(* Let $G\sim G(n,m)$ and fix $\delta\in(0,1)$; assume $1\le m\le(1-\delta)N$. Let $\mu=2m/n$ and let $\lambda=\lambda_n$ be real with $\lambda_n\to0$. Then, as $n\to\infty$, $$\sup_{k}\left|\frac{\mathbb E[e^{\lambda(d_1+d_2-2\mu)}\mid d_3=k]}{\mathbb E[e^{\lambda(d_1+d_2-2\mu)}]}-1\right|\to0,$$ where the supremum is over all $k\in\{0,1,\dots,n-1\}$ with $\mathbb P(d_3=k)>0$.
   Context: $N=\binom n2$; $G(n,m)$ is the uniform distribution over graphs on $[n]$ with exactly $m$ edges, $m=m(n)$. $d_i$ denotes the degree of vertex $i$. *)

theory Defs
  imports "HOL-Analysis.Analysis"
begin

text \<open>Simple graphs on the vertex set [n] = {1..n}, represented by their edge sets:
  an edge is a 2-element subset of {1..n}.\<close>

definition all_edges :: "nat \<Rightarrow> nat set set" where
  "all_edges n = {e. e \<subseteq> {1..n} \<and> card e = 2}"

definition Gnm :: "nat \<Rightarrow> nat \<Rightarrow> nat set set set" where
  "Gnm n m = {E. E \<subseteq> all_edges n \<and> card E = m}"

definition deg :: "nat set set \<Rightarrow> nat \<Rightarrow> nat" where
  "deg E i = card {e \<in> E. i \<in> e}"

definition Gprob :: "nat \<Rightarrow> nat \<Rightarrow> (nat set set \<Rightarrow> bool) \<Rightarrow> real" where
  "Gprob n m P = real (card {E \<in> Gnm n m. P E}) / real (card (Gnm n m))"

definition Gexp :: "nat \<Rightarrow> nat \<Rightarrow> (nat set set \<Rightarrow> real) \<Rightarrow> real" where
  "Gexp n m f = (\<Sum>E\<in>Gnm n m. f E) / real (card (Gnm n m))"

definition Gcond_exp :: "nat \<Rightarrow> nat \<Rightarrow> (nat set set \<Rightarrow> real) \<Rightarrow> (nat set set \<Rightarrow> bool) \<Rightarrow> real" where
  "Gcond_exp n m f P = (\<Sum>E\<in>{E \<in> Gnm n m. P E}. f E) / real (card {E \<in> Gnm n m. P E})"

end

theory Submission
  imports Defs
begin

text \<open>Write \<open>d\<^sub>1 + d\<^sub>2\<close> as the sum of the weights \<open>w e = [1 \<in> e] + [2 \<in> e]\<close> over the edges of
  the graph, and split the potential edges into the set \<open>A\<close> of the \<open>n - 1\<close> pairs containing
  vertex 3 and its complement \<open>B\<close>. Given \<open>d\<^sub>3 = k\<close>, the edge set is a uniform \<open>k\<close>-subset of \<open>A\<close>
  together with an independent uniform \<open>(m - k)\<close>-subset of \<open>B\<close>, so the conditional moment
  generating function is the mean of \<open>exp (\<lambda> \<Sum>w)\<close> over \<open>k\<close>-subsets of \<open>A\<close> times the same mean
  over \<open>(m - k)\<close>-subsets of \<open>B\<close>. The first factor lies within \<open>exp (\<plusminus>2\<bar>\<lambda>\<bar>)\<close>, because only
  \<open>{1,3}\<close> and \<open>{2,3}\<close> carry weight. For the second, double counting shows that passing from
  \<open>j\<close>-subsets to \<open>(j+1)\<close>-subsets of \<open>B\<close> changes the mean by a factor \<open>1 \<plusminus> D / (|B| - j)\<close>, with
  \<open>D = (\<Sum>e\<in>B. \<bar>exp (\<lambda> w e) - 1\<bar>) \<le> 2 n (exp (2\<bar>\<lambda>\<bar>) - 1)\<close>. Since \<open>k\<close> takes fewer than \<open>n\<close> values
  and \<open>|B| - m \<ge> \<delta> N / 2\<close>, any two conditional moment generating functions are within a factor
  \<open>q = exp (4\<bar>\<lambda>\<bar> + 32 (exp (2\<bar>\<lambda>\<bar>) - 1) / \<delta>)\<close> of each other. The unconditional one is an average
  of them, so every ratio lies in \<open>[1/q, q]\<close>, and \<open>q \<longrightarrow> 1\<close> as \<open>\<lambda> \<longrightarrow> 0\<close>.\<close>

section \<open>Exponential means over subsets of fixed size\<close>

definition subset_exp_mean :: "'a set \<Rightarrow> ('a \<Rightarrow> real) \<Rightarrow> nat \<Rightarrow> real" where
  "subset_exp_mean A \<phi> k = (\<Sum>S | S \<subseteq> A \<and> card S = k. exp (sum \<phi> S)) / real (card A choose k)"

lemma Suc_times_binomial_Suc: "Suc k * (n choose Suc k) = (n - k) * (n choose k)"
  by (simp only: binomial_absorption binomial_absorb_comp)

lemma sum_subsets_insert_eq:
  assumes "finite B"
  shows "(\<Sum>F | F \<subseteq> B \<and> card F = j. \<Sum>f\<in>B - F. g (insert f F) f)
       = (\<Sum>F | F \<subseteq> B \<and> card F = Suc j. \<Sum>f\<in>F. g F f)"
proof -
  let ?T = "\<lambda>j. {F. F \<subseteq> B \<and> card F = j}"
  have fin_mem: "finite F" if "F \<subseteq> B" for F
    using assms that by (rule rev_finite_subset)
  have bij: "bij_betw (\<lambda>(F, f). (insert f F, f)) (Sigma (?T j) (\<lambda>F. B - F)) (Sigma (?T (Suc j)) (\<lambda>F. F))"
    by (rule bij_betw_byWitness[where f' = "\<lambda>(F, f). (F - {f}, f)"])
       (auto simp: fin_mem card_insert_if card_Diff_singleton_if dest: fin_mem)
  have "(\<Sum>F\<in>?T j. \<Sum>f\<in>B - F. g (insert f F) f) = (\<Sum>(F, f)\<in>Sigma (?T j) (\<lambda>F. B - F). g (insert f F) f)"
    using assms by (subst sum.Sigma) auto
  also have "\<dots> = (\<Sum>(F, f)\<in>Sigma (?T (Suc j)) (\<lambda>F. F). g F f)"
    using sum.reindex_bij_betw[OF bij, of "\<lambda>(F, f). g F f"] by (simp add: case_prod_unfold)
  also have "\<dots> = (\<Sum>F\<in>?T (Suc j). \<Sum>f\<in>F. g F f)"
    using assms fin_mem by (subst sum.Sigma) auto
  finally show ?thesis .
qed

———

**ACTION ITEM:**
For this exercise, repeat exactly the lines of the data above from the one with "of them, so" down to the one with "section \<open>Exponential means", both end lines included.

**EXERCISE RESULT:**
  of them, so every ratio lies in \<open>[1/q, q]\<close>, and \<open>q \<longrightarrow> 1\<close> as \<open>\<lambda> \<longrightarrow> 0\<close>.\<close>

section \<open>Exponential means over subsets of fixed size\<close>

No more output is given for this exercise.